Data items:
▬▬▬

definition ties_null :: "('m \<Rightarrow> real) \<Rightarrow> bool" where
  "ties_null a \<longleftrightarrow> (\<forall>m. prob_st N f m {x \<in> space N. lincomb a x = 0} = 0)"

lemma lincomb_measurable[measurable]: "lincomb a \<in> borel_measurable N"
  unfolding lincomb_def by measurable

lemma threshold_det: "det_quantizer N (threshold a)"
  unfolding det_quantizer_def threshold_def pred_def[symmetric] by measurable

lemma is_ULQ_iff: "is_ULQ N f \<phi> \<longleftrightarrow> det_quantizer N \<phi> \<and>
    (\<exists>a. (\<forall>x\<in>space N. \<phi> x = threshold a x) \<and> ties_null a)"
  by (simp add: is_ULQ_def threshold_def ties_null_def lincomb_def)

lemma lin_indep_ties_null: "lin_indep_dens N f \<Longrightarrow> a \<noteq> (\<lambda>_. 0) \<Longrightarrow> ties_null a"
  by (simp add: lin_indep_dens_def ties_null_def lincomb_def)

definition weight :: "('m \<Rightarrow> real) \<Rightarrow> real ^ ('m \<times> bool)" where
  "weight a = (\<chi> k. if snd k then a (fst k) else 0)"

lemma inner_weight: "weight a \<bullet> u = (\<Sum>m\<in>UNIV. a m * u $ (m, True))"
  by (simp add: inner_vec_pairs weight_def UNIV_bool)

lemma score_integral:
  assumes "A \<in> sets N"
  shows "integrable N (\<lambda>x. indicator A x * lincomb a x)"
    and "(\<Sum>m\<in>UNIV. a m * prob_st N f m A) = (\<integral>x. indicator A x * lincomb a x \<partial>N)"
proof -
  have eq: "(\<lambda>x. \<Sum>m\<in>UNIV. a m * (indicator A x * f m x)) = (\<lambda>x. indicator A x * lincomb a x)"
    by (auto simp: lincomb_def sum_distrib_left algebra_simps)
  have int: "integrable N (\<lambda>x. \<Sum>m\<in>UNIV. a m * (indicator A x * f m x))"
    using indicator_f_integrable[OF assms] by auto
  then show "integrable N (\<lambda>x. indicator A x * lincomb a x)" by (simp add: eq)
  have "(\<Sum>m\<in>UNIV. a m * prob_st N f m A) = (\<integral>x. (\<Sum>m\<in>UNIV. a m * (indicator A x * f m x)) \<partial>N)"
    using indicator_f_integrable[OF assms]
    by (simp add: prob_st_integral[OF assms] Bochner_Integration.integral_sum)
  then show "(\<Sum>m\<in>UNIV. a m * prob_st N f m A) = (\<integral>x. indicator A x * lincomb a x \<partial>N)"
    by (simp add: eq)
qed

definition deficit :: "('m \<Rightarrow> real) \<Rightarrow> ('a \<Rightarrow> bool) \<Rightarrow> 'a \<Rightarrow> real" where
  "deficit a \<psi> x = indicator (region (threshold a) True) x * lincomb a x
                    - indicator (region \<psi> True) x * lincomb a x"

lemma deficit_pointwise:
  assumes "x \<in> space N"
  shows "deficit a \<psi> x \<ge> 0"
    and "deficit a \<psi> x = 0 \<Longrightarrow> lincomb a x \<noteq> 0 \<Longrightarrow> \<psi> x = threshold a x"
proof -
  have eq: "deficit a \<psi> x = (if lincomb a x > 0 then lincomb a x else 0)
                             - (if \<psi> x then lincomb a x else 0)"
    using assms by (simp add: deficit_def region_def threshold_def)
  show "deficit a \<psi> x \<ge> 0" unfolding eq by simp
  show "deficit a \<psi> x = 0 \<Longrightarrow> lincomb a x \<noteq> 0 \<Longrightarrow> \<psi> x = threshold a x"
    unfolding eq threshold_def by (auto split: if_splits)
qed

lemma deficit_integral:
  assumes dpsi: "det_quantizer N \<psi>"
  shows "integrable N (deficit a \<psi>)"
    and "weight a \<bullet> dist_vec N f (threshold a) - weight a \<bullet> dist_vec N f \<psi>
           = integral\<^sup>L N (deficit a \<psi>)"
proof -
  have sets: "region (threshold a) True \<in> sets N" "region \<psi> True \<in> sets N"
    using region_sets[OF threshold_det] region_sets[OF dpsi] by auto
  note ints = score_integral(1)[OF sets(1), of a] score_integral(1)[OF sets(2), of a]
  show "integrable N (deficit a \<psi>)"
    unfolding deficit_def[abs_def] using ints by (rule Bochner_Integration.integrable_diff)
  show "weight a \<bullet> dist_vec N f (threshold a) - weight a \<bullet> dist_vec N f \<psi>
          = integral\<^sup>L N (deficit a \<psi>)"
    unfolding deficit_def[abs_def] inner_weight dist_vec_nth
    using score_integral(2)[OF sets(1)] score_integral(2)[OF sets(2)] ints
    by simp
qed

lemma threshold_score_max:
  assumes "det_quantizer N \<psi>"
  shows "weight a \<bullet> dist_vec N f \<psi> \<le> weight a \<bullet> dist_vec N f (threshold a)"
proof -
  have "integral\<^sup>L N (deficit a \<psi>) \<ge> 0"
    using deficit_pointwise(1) by (intro integral_nonneg_AE) auto
  then show ?thesis using deficit_integral(2)[OF assms, of a] by simp
qed

lemma score_max_AE_threshold:
  assumes dpsi: "det_quantizer N \<psi>"
    and eq: "weight a \<bullet> dist_vec N f \<psi> = weight a \<bullet> dist_vec N f (threshold a)"
  shows "AE x in N. lincomb a x \<noteq> 0 \<longrightarrow> \<psi> x = threshold a x"
proof -
  have "integral\<^sup>L N (deficit a \<psi>) = 0" using deficit_integral(2)[OF dpsi, of a] eq by simp
  then have "AE x in N. deficit a \<psi> x = 0"
    using integral_nonneg_eq_0_iff_AE[OF deficit_integral(1)[OF dpsi]] deficit_pointwise(1)
    by auto
  then show ?thesis
    by (rule AE_mp) (use deficit_pointwise(2) in blast)
qed

lemma dist_vec_eq_off_ties:
  assumes dpsi: "det_quantizer N \<psi>" and dphi: "det_quantizer N \<phi>" and "ties_null a"
    and agree: "AE x in N. lincomb a x \<noteq> 0 \<longrightarrow> \<psi> x = \<phi> x"
  shows "dist_vec N f \<psi> = dist_vec N f \<phi>"
proof (rule vec_eq_iff[THEN iffD2], intro allI)
  fix k :: "'m \<times> bool"
  obtain m b where k: "k = (m, b)" by (cases k)
  define Z where "Z = {x \<in> space N. lincomb a x = 0}"
  have Z: "Z \<in> sets N" unfolding Z_def by measurable
  have "(\<integral>x. indicator Z x * f m x \<partial>N) = 0"
    using \<open>ties_null a\<close> prob_st_integral[OF Z] by (simp add: ties_null_def Z_def)
  then have "AE x in N. indicator Z x * f m x = 0"
    using integral_nonneg_eq_0_iff_AE[OF indicator_f_integrable[OF Z]] f_nonneg
    by (auto split: split_indicator)
  with agree have "AE x in N. indicator (region \<psi> b) x * f m x = indicator (region \<phi> b) x * f m x"
  proof eventually_elim
    case (elim x)
    show ?case
    proof (cases "x \<in> space N \<and> lincomb a x \<noteq> 0")
      case True
      then show ?thesis using elim(1) by (simp add: indicator_def region_def)
    next
      case False
      then have "indicator Z x * f m x = 0 \<longrightarrow> f m x = 0 \<or> x \<notin> space N"
        by (auto simp: Z_def)
      then show ?thesis using elim(2) by (auto simp: region_def)
    qed
  qed
  then show "dist_vec N f \<psi> $ k = dist_vec N f \<phi> $ k"
    unfolding k dist_vec_nth prob_st_integral[OF region_sets[OF dpsi]]
      prob_st_integral[OF region_sets[OF dphi]]
    by (intro integral_cong_AE borel_measurable_integrable indicator_f_integrable region_sets
        dpsi dphi)
qed
lemma adjacent_copies_diverge:
  assumes z: "z \<in> N" "\<forall>x\<in>blocked_V2 E \<union> blocked_V3 V. z \<in> S x"
    and i: "i < 6" and uv: "u \<in> V" "v \<in> V" "{u, v} \<in> E"
    and avoid: "z \<notin> S (Cp i u)" "z \<notin> S (Cp i v)"
    and l: "l \<in> N" "\<forall>x\<in>S (Cp i u) \<union> S (Cp i v). rooted_tree.ancestor N F z x l"
  shows False
proof -
  interpret rooted_tree N F z using tree z(1) by unfold_locales
  define e where "e = {(i, u), (i, v)}"
  have e: "e \<in> copy_edges E" unfolding e_def copy_edges_def using i uv(3) by blast
  have ER_in: "ER e \<in> blocked_V d V E" using ER_in_blocked_V2[OF e] by (simp add: blocked_V_def)
  have u_ne_v: "u \<noteq> v" using graph uv(3) unfolding simple_graph_def by (auto simp: doubleton_eq_iff)
  have R: "subtree N F (S (ER e))" and zR: "z \<in> S (ER e)"
    using subtree_S[OF ER_in] z(2) ER_in_blocked_V2[OF e] by auto
  have crosses: "overlap (S (Cp i w)) (S (ER e))" if "w \<in> {u, v}" for w
    using overlap_iff[OF Cp_in_blocked_V[OF i] ER_in] Cp_ER_edge[OF i _ e] that uv
    unfolding e_def by auto
  have "S (Cp i u) \<inter> S (Cp i v) \<noteq> {}"
    using subtrees_on_root_path_meet[OF subtree_S[OF Cp_in_blocked_V] subtree_S[OF Cp_in_blocked_V]
        R zR l] crosses i uv
    by simp
  moreover have "\<not> overlap (S (Cp i u)) (S (Cp i v))"
    using overlap_iff[OF Cp_in_blocked_V[OF i uv(1)] Cp_in_blocked_V[OF i uv(2)]]
      Cp_Cp_not_edge[of i u i v d V E] u_ne_v
    by blast
  ultimately have "S (Cp i u) \<subseteq> S (Cp i v) \<or> S (Cp i v) \<subseteq> S (Cp i u)"
    unfolding overlap_def by blast
  moreover have "\<not> S (Cp i w) \<subseteq> S (Cp i w')" if "w \<in> {u, v}" "w' \<in> {u, v}" "w \<noteq> w'" for w w'
  proof
    assume sub: "S (Cp i w) \<subseteq> S (Cp i w')"
    have w: "w \<in> V" "w' \<in> V" using that uv by auto
    have "z \<in> S (Fv i w)" using z(2) Fv_in_blocked_V3[OF i w(1)] by simp
    moreover have "z \<notin> S (Cp i w')" using avoid that by auto
    ultimately have "overlap (S (Cp i w')) (S (Fv i w))"
      using copy_overlaps_twin[OF i w(1)] sub unfolding overlap_def by blast
    moreover have "\<not> overlap (S (Cp i w')) (S (Fv i w))"
      using copy_overlaps_other(2)[OF i w(2) i w(1)] that(3) by simp
    ultimately show False by simp
  qed
  ultimately show False using u_ne_v by blast
qed
(* Let $X$ be a Banach space. If there exists a Banach space $Y\neq\{0\}$ such that the pair $(X,Y)$ has the uniform sBPBp, then $X$ is uniformly convex.
   Context: All Banach spaces are over $\mathbb{K}=\mathbb{R}$ or $\mathbb{C}$. $S_X$ denotes the unit sphere of $X$ and $\mathcal{L}(X,Y)$ the space of bounded linear operators from $X$ to $Y$ with the operator norm. A pair of Banach spaces $(X,Y)$ has the uniform strong Bishop–Phelps–Bollobás property (uniform sBPBp) if for every $\varepsilon>0$ there exists $\eta(\varepsilon)>0$ such that whenever $T\in\mathcal{L}(X,Y)$ with $\|T\|=1$ and $x_0\in S_X$ satisfy $\|T(x_0)\|>1-\eta(\varepsilon)$, there exists $x_1\in S_X$ with $\|T(x_1)\|=1$ and $\|x_1-x_0\|<\varepsilon$. *)

theory Defs
  imports "HOL-Analysis.Analysis"
begin

text \<open>The class L
  encodes the scalar field: for K = R it is all bounded (real-)linear maps, for
  K = C it is the bounded maps that are complex-linear w.r.t. given complex structures.\<close>
definition uniform_sBPBp :: "(('a::real_normed_vector) \<Rightarrow> ('b::real_normed_vector)) set \<Rightarrow> bool" where
  "uniform_sBPBp L \<longleftrightarrow>
     (\<forall>\<epsilon>>0. \<exists>\<eta>>0. \<forall>T\<in>L. \<forall>x0.
        onorm T = 1 \<and> norm x0 = 1 \<and> norm (T x0) > 1 - \<eta> \<longrightarrow>
        (\<exists>x1. norm x1 = 1 \<and> norm (T x1) = 1 \<and> norm (x1 - x0) < \<epsilon>))"
lemma uinf_p_eq_if_phaseless_eq:
  assumes indep: "\<forall>a b :: real. a *\<^sub>R (\<tau>2 - \<tau>1) + b *\<^sub>R (\<tau>3 - \<tau>1) = 0 \<longrightarrow> a = 0 \<and> b = 0"
    and "q \<bullet> x \<noteq> 0"
    and eq: "\<And>\<tau>. \<tau> \<in> {\<tau>1, \<tau>2, \<tau>3} \<Longrightarrow> norm (uinf_pz mu lam F1 z x q \<omega> \<tau>) = norm (uinf_pz mu lam F2 z x q \<omega> \<tau>)"
  shows "uinf_p mu lam F1 x \<omega> = uinf_p mu lam F2 x \<omega>"
  by (rule phase_retrieval[OF indep, where b = "exp (- \<i> * of_real (kp mu lam \<omega> * (x \<bullet> z))) * of_real (q \<bullet> x)"])
    (use \<open>q \<bullet> x \<noteq> 0\<close> eq in \<open>auto simp: uinf_pz_def mult.assoc\<close>)

lemma uinf_s_eq_if_phaseless_eq:
  assumes indep: "\<forall>a b :: real. a *\<^sub>R (\<tau>2 - \<tau>1) + b *\<^sub>R (\<tau>3 - \<tau>1) = 0 \<longrightarrow> a = 0 \<and> b = 0"
    and "q \<bullet> perp x \<noteq> 0"
    and eq: "\<And>\<tau>. \<tau> \<in> {\<tau>1, \<tau>2, \<tau>3} \<Longrightarrow> norm (uinf_sz mu F1 z x q \<omega> \<tau>) = norm (uinf_sz mu F2 z x q \<omega> \<tau>)"
  shows "uinf_s mu F1 x \<omega> = uinf_s mu F2 x \<omega>"
  by (rule phase_retrieval[OF indep, where b = "exp (- \<i> * of_real (ks mu \<omega> * (x \<bullet> z))) * of_real (q \<bullet> perp x)"])
    (use \<open>q \<bullet> perp x \<noteq> 0\<close> eq in \<open>auto simp: uinf_sz_def mult.assoc\<close>)

lemma inner_moments_eq_0_if_fourier_eq_0:
  fixes G :: "real^2 \<Rightarrow> complex^2"
  assumes G: "\<And>j. integrable lborel (\<lambda>y. G y $ j)" and S: "bounded S" and supp: "\<forall>y. y \<notin> S \<longrightarrow> G y = 0"
    and "c > 0" and "a < b"
    and zero: "\<And>\<omega>. a < \<omega> \<Longrightarrow> \<omega> < b
                 \<Longrightarrow> (LINT y|lborel. exp (- \<i> * of_real (\<omega> / c * (x \<bullet> y))) * dotc v (G y)) = 0"
  shows "(LINT y|lborel. of_real (x \<bullet> y) ^ n * dotc v (G y)) = 0"
proof -
  obtain B where B: "\<forall>y\<in>S. norm y \<le> B"
    using S by (auto simp: bounded_iff)
  show ?thesis
  proof (rule moments_eq_0_if_fourier_eq_0_on_interval[where R = "norm x * B" and a = "a / c" and b = "b / c"])
    show "integrable lborel (\<lambda>y. dotc v (G y))"
      using G by (rule integrable_dotc)
    show "(\<lambda>y. x \<bullet> y) \<in> borel_measurable lborel"
      by measurable
    show "\<bar>x \<bullet> y\<bar> \<le> norm x * B" if "dotc v (G y) \<noteq> 0" for y
    proof -
      have "y \<in> S"
        using that supp by (auto simp: dotc_def)
      then show ?thesis
        using Cauchy_Schwarz_ineq2[of x y] B mult_left_mono[of "norm y" B "norm x"] by force
    qed
    show "a / c < b / c"
      using \<open>a < b\<close> \<open>c > 0\<close> by (simp add: divide_strict_right_mono)
    show "(LINT y|lborel. exp (- \<i> * of_real (t * (x \<bullet> y))) * dotc v (G y)) = 0"
      if "a / c < t" "t < b / c" for t
      using zero[of "t * c"] that \<open>c > 0\<close> by (simp add: field_simps)
  qed
qed

lemma integral_inner_power_dotc:
  fixes G :: "real^2 \<Rightarrow> complex^2"
  assumes G: "\<And>j. integrable lborel (\<lambda>y. G y $ j)" and S: "bounded S" and supp: "\<forall>y. y \<notin> S \<longrightarrow> G y = 0"
  shows "(LINT y|lborel. of_real (x \<bullet> y) ^ n * dotc v (G y))
    = of_real (v$1) * binomial_form (monomial_moment (\<lambda>y. G y $ 1)) n (of_real (x$1)) (of_real (x$2))
    + of_real (v$2) * binomial_form (monomial_moment (\<lambda>y. G y $ 2)) n (of_real (x$1)) (of_real (x$2))"
proof -
  have supp_j: "\<forall>y. y \<notin> S \<longrightarrow> G y $ j = 0" for j
    using supp by simp
  have int: "integrable lborel (\<lambda>y. of_real (x \<bullet> y) ^ n * G y $ j)" for j
    by (intro integrable_continuous_mult_bounded_support[OF G S supp_j] continuous_intros)
  have "(LINT y|lborel. of_real (x \<bullet> y) ^ n * dotc v (G y))
      = (LINT y|lborel. of_real (v$1) * (of_real (x \<bullet> y) ^ n * G y $ 1)
                      + of_real (v$2) * (of_real (x \<bullet> y) ^ n * G y $ 2))"
    by (simp add: dotc_def algebra_simps)
  also have "\<dots> = of_real (v$1) * (LINT y|lborel. of_real (x \<bullet> y) ^ n * G y $ 1)
                  + of_real (v$2) * (LINT y|lborel. of_real (x \<bullet> y) ^ n * G y $ 2)"
    using int by simp
  finally show ?thesis
    by (simp add: integral_inner_power_eq_binomial_form[OF G S supp_j])
qed

lemma monomial_moments_eq_0_if_inner_moments_eq_0_on_arcs:
  fixes G :: "real^2 \<Rightarrow> complex^2" and q :: "real^2"
  assumes G: "\<And>j. integrable lborel (\<lambda>y. G y $ j)" and S: "bounded S" and supp: "\<forall>y. y \<notin> S \<longrightarrow> G y = 0"
    and q: "q \<in> sphere 0 1"
    and zero_p: "\<And>x n. x \<in> S_q q \<Longrightarrow> (LINT y|lborel. of_real (x \<bullet> y) ^ n * dotc x (G y)) = 0"
    and zero_s: "\<And>x n. x \<in> Sperp_q q \<Longrightarrow> (LINT y|lborel. of_real (x \<bullet> y) ^ n * dotc (perp x) (G y)) = 0"
  shows "monomial_moment (\<lambda>y. G y $ j) i k = 0"
proof -
  let ?m = "\<lambda>j. monomial_moment (\<lambda>y. G y $ j)"
  note expand = integral_inner_power_dotc[OF G S supp]
  have arc_p: "of_real (x$1) * binomial_form (?m 1) (i + k) (of_real (x$1)) (of_real (x$2))
      + of_real (x$2) * binomial_form (?m 2) (i + k) (of_real (x$1)) (of_real (x$2)) = 0"
    if "x \<in> S_q q" for x
    using zero_p[OF that, of "i + k"] by (simp only: expand)
  have arc_s: "- of_real (x$2) * binomial_form (?m 1) (i + k) (of_real (x$1)) (of_real (x$2))
      + of_real (x$1) * binomial_form (?m 2) (i + k) (of_real (x$1)) (of_real (x$2)) = 0"
    if "x \<in> Sperp_q q" for x
    using zero_s[OF that, of "i + k"] by (simp add: expand perp_def vector_2)
  from binomial_form_pair_coeffs_eq_0_if_eq_0_on_arcs[OF q arc_p arc_s le_add1]
  have "?m 1 i k = 0 \<and> ?m 2 i k = 0"
    by simp
  then show ?thesis
    using exhaust_2[of j] by auto
qed

lemma p_moments_eq_0_if_phaseless_data_eq:
  fixes F1 F2 :: "real^2 \<Rightarrow> complex^2"
  assumes F1: "\<And>j. integrable lborel (\<lambda>y. F1 y $ j)" and F2: "\<And>j. integrable lborel (\<lambda>y. F2 y $ j)"
    and S: "bounded S" and supp: "\<forall>y. y \<notin> S \<longrightarrow> F1 y = F2 y"
    and lam: "2 * mu + lam > 0" and "\<omega>min < \<omega>max"
    and indep: "\<forall>a b :: real. a *\<^sub>R (\<tau>2 - \<tau>1) + b *\<^sub>R (\<tau>3 - \<tau>1) = 0 \<longrightarrow> a = 0 \<and> b = 0"
    and "q \<bullet> x \<noteq> 0"
    and data: "\<forall>\<omega> \<in> {\<omega>min<..<\<omega>max}. \<forall>\<tau> \<in> {\<tau>1, \<tau>2, \<tau>3}.
                 norm (uinf_pz mu lam F1 z x q \<omega> \<tau>) = norm (uinf_pz mu lam F2 z x q \<omega> \<tau>)"
  shows "(LINT y|lborel. of_real (x \<bullet> y) ^ n * dotc x (F1 y - F2 y)) = 0"
proof (rule inner_moments_eq_0_if_fourier_eq_0[where G = "\<lambda>y. F1 y - F2 y", OF _ S _ _ \<open>\<omega>min < \<omega>max\<close>])
  fix \<omega> assume "\<omega>min < \<omega>" "\<omega> < \<omega>max"
  then have "uinf_p mu lam F1 x \<omega> = uinf_p mu lam F2 x \<omega>"
    using data by (intro uinf_p_eq_if_phaseless_eq[OF indep \<open>q \<bullet> x \<noteq> 0\<close>]) auto
  then show "(LINT y|lborel. exp (- \<i> * of_real (\<omega> / sqrt (lam + 2 * mu) * (x \<bullet> y))) * dotc x (F1 y - F2 y)) = 0"
    using uinf_p_diff[OF F1 F2] by (simp add: uinf_p_def kp_def)
qed (use F1 F2 supp lam in simp_all)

▬▬▬

The expected result is an exact transcription of the lines from the one containing "fix \<omega> assume" through the end of the records above; please include both ends.

  fix \<omega> assume "\<omega>min < \<omega>" "\<omega> < \<omega>max"
  then have "uinf_p mu lam F1 x \<omega> = uinf_p mu lam F2 x \<omega>"
    using data by (intro uinf_p_eq_if_phaseless_eq[OF indep \<open>q \<bullet> x \<noteq> 0\<close>]) auto
  then show "(LINT y|lborel. exp (- \<i> * of_real (\<omega> / sqrt (lam + 2 * mu) * (x \<bullet> y))) * dotc x (F1 y - F2 y)) = 0"
    using uinf_p_diff[OF F1 F2] by (simp add: uinf_p_def kp_def)
qed (use F1 F2 supp lam in simp_all)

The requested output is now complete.